_Activity_: Find the line containing "algstate \<Rightarrow> 'v" in the records below. Copy exactly that line and each one after it, ending at the line containing "let E = fst st; h = snd st;", and nothing more.

[[ Data shown, beginning ]]

(* Consider the network formation algorithm with strategy constraint described in the context, with any fixed positive integer threshold $\sigma$. For any initial transmission graph $G_0$ there exists a positive integer $T$ such that the algorithm converges (i.e. the transmission graph stops changing) after $T$ iterations.
   Context: Setting: a finite set $\mathcal{N}$ of $N$ on-board units (OBUs) and one roadside unit (RSU), node set $\mathcal{V}=\mathcal{N}\cup\{RSU\}$. A transmission graph is a directed graph $G(\mathcal{V},\mathcal{E})$ in which every OBU $i$ has in-degree $\lambda^{in}_i\le1$ and out-degree $\lambda^{out}_i\le1$ and the RSU has in-degree $0$; $\mathcal{G}$ denotes the (finite) set of all such graphs. Given data: a finite packet set $\mathcal{M}$, packet sets $\mathcal{M}_i\subseteq\mathcal{M}$ held by OBUs, packet size $s>0$, slot length $T_{s}>0$, neighbor sets $\mathcal{N}_i\subseteq\mathcal{N}$, nonnegative rates $R^*_{j,i}$ (OBU $j$ to OBU $i$) and $c_i$ (RSU to $i$), success probabilities $P_{j,i}\in[0,1]$, and pricing factors $\gamma_{in},\gamma_{out},\gamma_{cost}>0$. Utility of OBU $i$: $U_i(G)=U^{in}_i(G)+U^{out}_i(G)-C_i$, where $U^{in}_i(G)=\gamma_{in}P_{j,i}\min(R^*_{j,i}T_s/s,\,|(\mathcal{M}\setminus\mathcal{M}_i)\cap\mathcal{M}_j|)$ if $e_{j,i}\in\mathcal{E}$ with $j\in\mathcal{N}$, $=\gamma_{in}c_iT_s/s$ if $e_{RSU,i}\in\mathcal{E}$, and $=0$ if $\lambda^{in}_i=0$; $U^{out}_i(G)=\gamma_{out}P_{i,j}\min(R^*_{i,j}T_s/s,\,|(\mathcal{M}\setminus\mathcal{M}_j)\cap\mathcal{M}_i|)$ if $e_{i,j}\in\mathcal{E}$, and $0$ if $\lambda^{out}_i=0$; $C_i=\gamma_{cost}\lambda^{out}_i|\mathcal{N}_i|+\gamma_{cost}\lambda^{in}_i|\mathcal{N}_j|$ if $e_{j,i}\in\mathcal{E}$ with $j\in\mathcal{N}$, and $C_i=\gamma_{cost}\lambda^{out}_i|\mathcal{N}_i|$ otherwise. Strategies: OBU $i$'s strategy/state is $s_i=(a_i,b_i)$, $a_i\in\mathcal{N}\cup\{RSU\}$ (node transmitting to $i$; $a_i=i$ means none), $b_i\in\mathcal{N}$ (OBU $i$ transmits to; $b_i=i$ means none); $S_i$ is the set of all such pairs. Switching from $(a_i,b_i)$ to $(a_i',b_i')$ turns $G$ into $G'$ with $\mathcal{E}'=(\mathcal{E}\setminus\{e_{a_i,i},e_{i,b_i}\})\cup\{e_{a_i',i},e_{i,b_i'}\}$. It is a feasible local strategy iff $U_i(G')\ge U_i(G)$, $U_{a_i'}(G')\ge U_{a_i'}(G)$ when $a_i'\in\mathcal{N}\setminus\{i,a_i\}$, and $U_{b_i'}(G')\ge U_{b_i'}(G)$ when $b_i'\notin\{i,b_i\}$; $F_i$ is the set of feasible local strategies. A local best response of $i$ is a strategy in a given feasible set maximizing $U_i$ of the resulting graph while the others keep their strategies. Algorithm with strategy constraint: each OBU keeps a history function $h^t_i(s_i)$ counting how many times it used strategy $s_i\in S_i$ in the first $t$ iterations (initially $0$). In iteration $t+1$, a randomly chosen OBU $i$ computes $F_i$, sets $F_i'=F_i\setminus\{s_i: h^t_i(s_i)\ge\sigma\}$, chooses a local best response $s_i^*=(a_i^*,b_i^* )$ from $F_i'$, sets $h^{t+1}_i(s_i^* )=h^t_i(s_i^* )+1$ and leaves other counts unchanged, and updates the graph via $\mathcal{E}^{t+1}=(\mathcal{E}^t\setminus\{e_{a_i,i},e_{i,b_i}\})\cup\{e_{a_i^*,i},e_{i,b_i^*}\}$. This is repeated until the graph converges. *)

theory Defs
  imports Main "HOL.Real"
begin

record ('v, 'p) netdata =
  obus     :: "'v set"
  rsu      :: "'v"
  pkts     :: "'p set"
  held     :: "'v \<Rightarrow> 'p set"
  psize    :: real
  slot     :: real
  nbrs     :: "'v \<Rightarrow> 'v set"
  rate     :: "'v \<Rightarrow> 'v \<Rightarrow> real" \<comment> \<open>rate j i = R*_{j,i}\<close>
  rsu_rate :: "'v \<Rightarrow> real"
  succ     :: "'v \<Rightarrow> 'v \<Rightarrow> real" \<comment> \<open>succ j i = P_{j,i}\<close>
  g_in     :: real
  g_out    :: real
  g_cost   :: real

definition valid_data :: "('v, 'p) netdata \<Rightarrow> bool" where
  "valid_data d \<longleftrightarrow>
     finite (obus d) \<and> rsu d \<notin> obus d \<and> finite (pkts d) \<and>
     (\<forall>i\<in>obus d. held d i \<subseteq> pkts d \<and> nbrs d i \<subseteq> obus d) \<and>
     psize d > 0 \<and> slot d > 0 \<and>
     (\<forall>i j. rate d j i \<ge> 0) \<and> (\<forall>i. rsu_rate d i \<ge> 0) \<and>
     (\<forall>i j. 0 \<le> succ d j i \<and> succ d j i \<le> 1) \<and>
     g_in d > 0 \<and> g_out d > 0 \<and> g_cost d > 0"

type_synonym 'v graph = "('v \<times> 'v) set"   \<comment> \<open>edge set; (j,i) is e_{j,i}\<close>

definition nodes :: "('v, 'p) netdata \<Rightarrow> 'v set" where
  "nodes d = insert (rsu d) (obus d)"

definition indeg :: "'v graph \<Rightarrow> 'v \<Rightarrow> nat" where
  "indeg E i = card {j. (j, i) \<in> E}"

definition outdeg :: "'v graph \<Rightarrow> 'v \<Rightarrow> nat" where
  "outdeg E i = card {j. (i, j) \<in> E}"

definition trans_graph :: "('v, 'p) netdata \<Rightarrow> 'v graph \<Rightarrow> bool" where
  "trans_graph d E \<longleftrightarrow>
     E \<subseteq> nodes d \<times> nodes d \<and> (\<forall>v. (v, v) \<notin> E) \<and>
     (\<forall>i\<in>obus d. indeg E i \<le> 1 \<and> outdeg E i \<le> 1) \<and>
     indeg E (rsu d) = 0"

text \<open>Strategy of OBU i read off the graph: a_i (transmitter to i, or i if none),
  b_i (receiver of i, or i if none).\<close>
definition strat_a :: "'v graph \<Rightarrow> 'v \<Rightarrow> 'v" where
  "strat_a E i = (if \<exists>j. (j, i) \<in> E then (THE j. (j, i) \<in> E) else i)"

definition strat_b :: "'v graph \<Rightarrow> 'v \<Rightarrow> 'v" where
  "strat_b E i = (if \<exists>j. (i, j) \<in> E then (THE j. (i, j) \<in> E) else i)"

definition strategies :: "('v, 'p) netdata \<Rightarrow> 'v \<Rightarrow> ('v \<times> 'v) set" where
  "strategies d i = nodes d \<times> obus d"

text \<open>Switching OBU i to strategy (a',b'): edges e_{i,i} mean "no edge".\<close>
definition switch :: "'v graph \<Rightarrow> 'v \<Rightarrow> 'v \<times> 'v \<Rightarrow> 'v graph" where
  "switch E i s =
     (E - {(strat_a E i, i), (i, strat_b E i)}) \<union> ({(fst s, i), (i, snd s)} - {(i, i)})"

definition lam_in :: "'v graph \<Rightarrow> 'v \<Rightarrow> real" where
  "lam_in E i = real (indeg E i)"

definition lam_out :: "'v graph \<Rightarrow> 'v \<Rightarrow> real" where
  "lam_out E i = real (outdeg E i)"

definition U_in :: "('v, 'p) netdata \<Rightarrow> 'v graph \<Rightarrow> 'v \<Rightarrow> real" where
  "U_in d E i =
    (if indeg E i = 0 then 0
     else let j = strat_a E i in
       if j = rsu d then g_in d * rsu_rate d i * slot d / psize d
       else g_in d * succ d j i *
              min (rate d j i * slot d / psize d)
                  (real (card ((pkts d - held d i) \<inter> held d j))))"

definition U_out :: "('v, 'p) netdata \<Rightarrow> 'v graph \<Rightarrow> 'v \<Rightarrow> real" where
  "U_out d E i =
    (if outdeg E i = 0 then 0
     else let j = strat_b E i in
       g_out d * succ d i j *
         min (rate d i j * slot d / psize d)
             (real (card ((pkts d - held d j) \<inter> held d i))))"

definition cost :: "('v, 'p) netdata \<Rightarrow> 'v graph \<Rightarrow> 'v \<Rightarrow> real" where
  "cost d E i =
    (let j = strat_a E i in
     if indeg E i \<noteq> 0 \<and> j \<in> obus d
     then g_cost d * lam_out E i * real (card (nbrs d i))
          + g_cost d * lam_in E i * real (card (nbrs d j))
     else g_cost d * lam_out E i * real (card (nbrs d i)))"

definition utility :: "('v, 'p) netdata \<Rightarrow> 'v graph \<Rightarrow> 'v \<Rightarrow> real" where
  "utility d E i = U_in d E i + U_out d E i - cost d E i"

text \<open>Feasible local strategies F_i (the resulting graph is required to be a
  transmission graph, since utilities are only defined on \<G>).\<close>
definition feasible :: "('v, 'p) netdata \<Rightarrow> 'v graph \<Rightarrow> 'v \<Rightarrow> ('v \<times> 'v) set" where
  "feasible d E i =
    {s \<in> strategies d i.
       let E' = switch E i s; a' = fst s; b' = snd s in
       trans_graph d E' \<and>
       utility d E' i \<ge> utility d E i \<and>
       (a' \<in> obus d - {i, strat_a E i} \<longrightarrow> utility d E' a' \<ge> utility d E a') \<and>
       (b' \<notin> {i, strat_b E i} \<longrightarrow> utility d E' b' \<ge> utility d E b')}"

definition local_best :: "('v, 'p) netdata \<Rightarrow> 'v graph \<Rightarrow> 'v \<Rightarrow> ('v \<times> 'v) set \<Rightarrow> 'v \<times> 'v \<Rightarrow> bool" where
  "local_best d E i F s \<longleftrightarrow>
     s \<in> F \<and> (\<forall>s'\<in>F. utility d (switch E i s') i \<le> utility d (switch E i s) i)"

text \<open>Algorithm state: current graph and history functions h_i(s_i).\<close>
type_synonym 'v algstate = "'v graph \<times> ('v \<Rightarrow> 'v \<times> 'v \<Rightarrow> nat)"

definition alg_step :: "('v, 'p) netdata \<Rightarrow> nat \<Rightarrow> 'v algstate \<Rightarrow> 'v algstate \<Rightarrow> bool" where
  "alg_step d \<sigma> st st' \<longleftrightarrow>
     (\<exists>i\<in>obus d.
        let E = fst st; h = snd st;
            F' = {s \<in> feasible d E i. h i s < \<sigma>} in
        (F' = {} \<and> st' = st) \<or>
        (\<exists>s. local_best d E i F' s \<and>
             st' = (switch E i s, h(i := (h i)(s := h i s + 1)))))"

definition alg_run :: "('v, 'p) netdata \<Rightarrow> nat \<Rightarrow> 'v graph \<Rightarrow> (nat \<Rightarrow> 'v algstate) \<Rightarrow> bool" where
  "alg_run d \<sigma> E0 r \<longleftrightarrow>
     r 0 = (E0, \<lambda>_ _. 0) \<and> (\<forall>t. alg_step d \<sigma> (r t) (r (Suc t)))"

end

theory Submission
  imports Defs
begin

text \<open>Every iteration that changes the state increments exactly one history count
  h_i(s) from a value below \<sigma>. The total history over the finitely many pairs (i, s)
  is therefore a potential that never decreases, grows with every change and is
  bounded by \<sigma> times the number of pairs; once it reaches its maximum the state,
  and with it the graph, is frozen. Neither the utilities nor the feasibility
  conditions play any role.\<close>

lemma eventually_stationary_if_bounded_potential:
  fixes r :: "nat \<Rightarrow> 'a" and \<Phi> :: "'a \<Rightarrow> nat"
  assumes step: "\<And>t. r (Suc t) = r t \<or> \<Phi> (r t) < \<Phi> (r (Suc t))"
    and bounded: "\<And>t. \<Phi> (r t) \<le> B"
  shows "\<exists>T. \<forall>t\<ge>T. r t = r T"
proof -
  have "\<Phi> (r t) \<le> \<Phi> (r (Suc t))" for t
    using step[of t] by auto
  then have mono: "\<Phi> (r a) \<le> \<Phi> (r b)" if "a \<le> b" for a b
    using lift_Suc_mono_le[of "\<Phi> \<circ> r", OF _ that] by simp
  have fin: "finite (range (\<Phi> \<circ> r))"
    by (rule finite_subset[of _ "{..B}"]) (auto simp: bounded)
  obtain T where T: "\<Phi> (r T) = Max (range (\<Phi> \<circ> r))"
    using Max_in[OF fin] by auto
  have stationary: "r (Suc t) = r t" if "T \<le> t" for t
    using step[of t] mono[OF that] T Max_ge[OF fin, of "\<Phi> (r (Suc t))"] by auto
  have "r t = r T" if "T \<le> t" for t
    using that by (induction t rule: dec_induct) (auto simp: stationary)
  then show ?thesis by blast
qed

lemma sum_prod_fun_upd_Suc:
  fixes h :: "'a \<Rightarrow> 'b \<Rightarrow> nat"
  assumes "finite P" and "(i, s) \<in> P"
  shows "(\<Sum>(j, u)\<in>P. (h(i := (h i)(s := h i s + 1))) j u) = (\<Sum>(j, u)\<in>P. h j u) + 1"
proof -
  have "(\<Sum>(j, u)\<in>P. (h(i := (h i)(s := h i s + 1))) j u)
      = (\<Sum>x\<in>P. (case x of (j, u) \<Rightarrow> h j u) + (if x = (i, s) then 1 else 0))"
    by (intro sum.cong) (auto split: if_splits)
  also have "\<dots> = (\<Sum>(j, u)\<in>P. h j u) + 1"
    using assms by (simp add: sum.distrib)
  finally show ?thesis .
qed

definition history_total :: "('v, 'p) netdata \<Rightarrow> 'v algstate \<Rightarrow> nat" where
  "history_total d st = (\<Sum>(i, s)\<in>Sigma (obus d) (strategies d). snd st i s)"

lemma alg_step_stays_or_counts:
  assumes "alg_step d \<sigma> st st'"
  obtains "st' = st"
  | i s where "i \<in> obus d" "s \<in> strategies d i" "snd st i s < \<sigma>"
      "snd st' = (snd st)(i := (snd st i)(s := snd st i s + 1))"
proof -
  obtain E h where st: "st = (E, h)" by (cases st)
  from assms obtain i where i: "i \<in> obus d" and
    "({s \<in> feasible d E i. h i s < \<sigma>} = {} \<and> st' = st) \<or>
     (\<exists>s. local_best d E i {s \<in> feasible d E i. h i s < \<sigma>} s \<and>
        st' = (switch E i s, h(i := (h i)(s := h i s + 1))))"
    unfolding alg_step_def st by (auto simp: Let_def)
  then consider "st' = st"
    | s where "s \<in> feasible d E i" "h i s < \<sigma>"
        "st' = (switch E i s, h(i := (h i)(s := h i s + 1)))"
    unfolding local_best_def by blast
  then show thesis
  proof cases
    case (2 s)
    have "s \<in> strategies d i" using \<open>s \<in> feasible d E i\<close> by (simp add: feasible_def)
    with i 2 st show thesis by (intro that(2)) simp_all
  qed (rule that(1))
qed

lemma alg_step_history_total:
  assumes "finite (Sigma (obus d) (strategies d))" and "alg_step d \<sigma> st st'"
  shows "st' = st \<or> history_total d st < history_total d st'"
  using assms(2)
proof (cases rule: alg_step_stays_or_counts)
  case (2 i s)
  then show ?thesis
    using sum_prod_fun_upd_Suc[OF assms(1), of i s "snd st"]
    by (simp add: history_total_def)
qed simp

lemma alg_run_history_le:
  assumes "alg_run d \<sigma> E0 r"
  shows "snd (r t) i s \<le> \<sigma>"
proof (induction t arbitrary: i s)
  case 0
  then show ?case using assms by (simp add: alg_run_def)
next
  case (Suc t)
  have "alg_step d \<sigma> (r t) (r (Suc t))" using assms by (simp add: alg_run_def)
  then show ?case
    by (cases rule: alg_step_stays_or_counts) (use Suc in auto)
qed

lemma alg_run_history_total_le:
  assumes "finite (Sigma (obus d) (strategies d))" and "alg_run d \<sigma> E0 r"
  shows "history_total d (r t) \<le> card (Sigma (obus d) (strategies d)) * \<sigma>"
proof -
  have "history_total d (r t) \<le> (\<Sum>_\<in>Sigma (obus d) (strategies d). \<sigma>)"
    unfolding history_total_def
    by (intro sum_mono) (auto simp: alg_run_history_le[OF assms(2)])
  then show ?thesis by simp
qed

theorem theorem1:
  fixes d :: "('v, 'p) netdata" and \<sigma> :: nat and E0 :: "'v graph"
    and r :: "nat \<Rightarrow> 'v algstate"
  assumes "valid_data d"
    and "\<sigma> > 0"
    and "trans_graph d E0"
    and "alg_run d \<sigma> E0 r"
  shows "\<exists>T > 0. \<forall>t \<ge> T. fst (r t) = fst (r T)"
proof -
  have fin: "finite (Sigma (obus d) (strategies d))"
    using assms(1) by (simp add: strategies_def valid_data_def nodes_def)
  have "\<exists>T. \<forall>t\<ge>T. r t = r T"
  proof (rule eventually_stationary_if_bounded_potential[of r "history_total d"])
    show "r (Suc t) = r t \<or> history_total d (r t) < history_total d (r (Suc t))" for t
    proof (rule alg_step_history_total[OF fin])
      show "alg_step d \<sigma> (r t) (r (Suc t))" using assms(4) by (simp add: alg_run_def)
    qed
    show "history_total d (r t) \<le> card (Sigma (obus d) (strategies d)) * \<sigma>" for t
      by (rule alg_run_history_total_le[OF fin assms(4)])
  qed
  then obtain T where T: "\<And>t. T \<le> t \<Longrightarrow> r t = r T" by blast
  have "fst (r t) = fst (r (Suc T))" if "Suc T \<le> t" for t
    using T[of t] T[of "Suc T"] that by simp
  then show ?thesis by blast
qed

end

[[ Data shown, end ]]

_Answer_:
definition alg_step :: "('v, 'p) netdata \<Rightarrow> nat \<Rightarrow> 'v algstate \<Rightarrow> 'v algstate \<Rightarrow> bool" where
  "alg_step d \<sigma> st st' \<longleftrightarrow>
     (\<exists>i\<in>obus d.
        let E = fst st; h = snd st;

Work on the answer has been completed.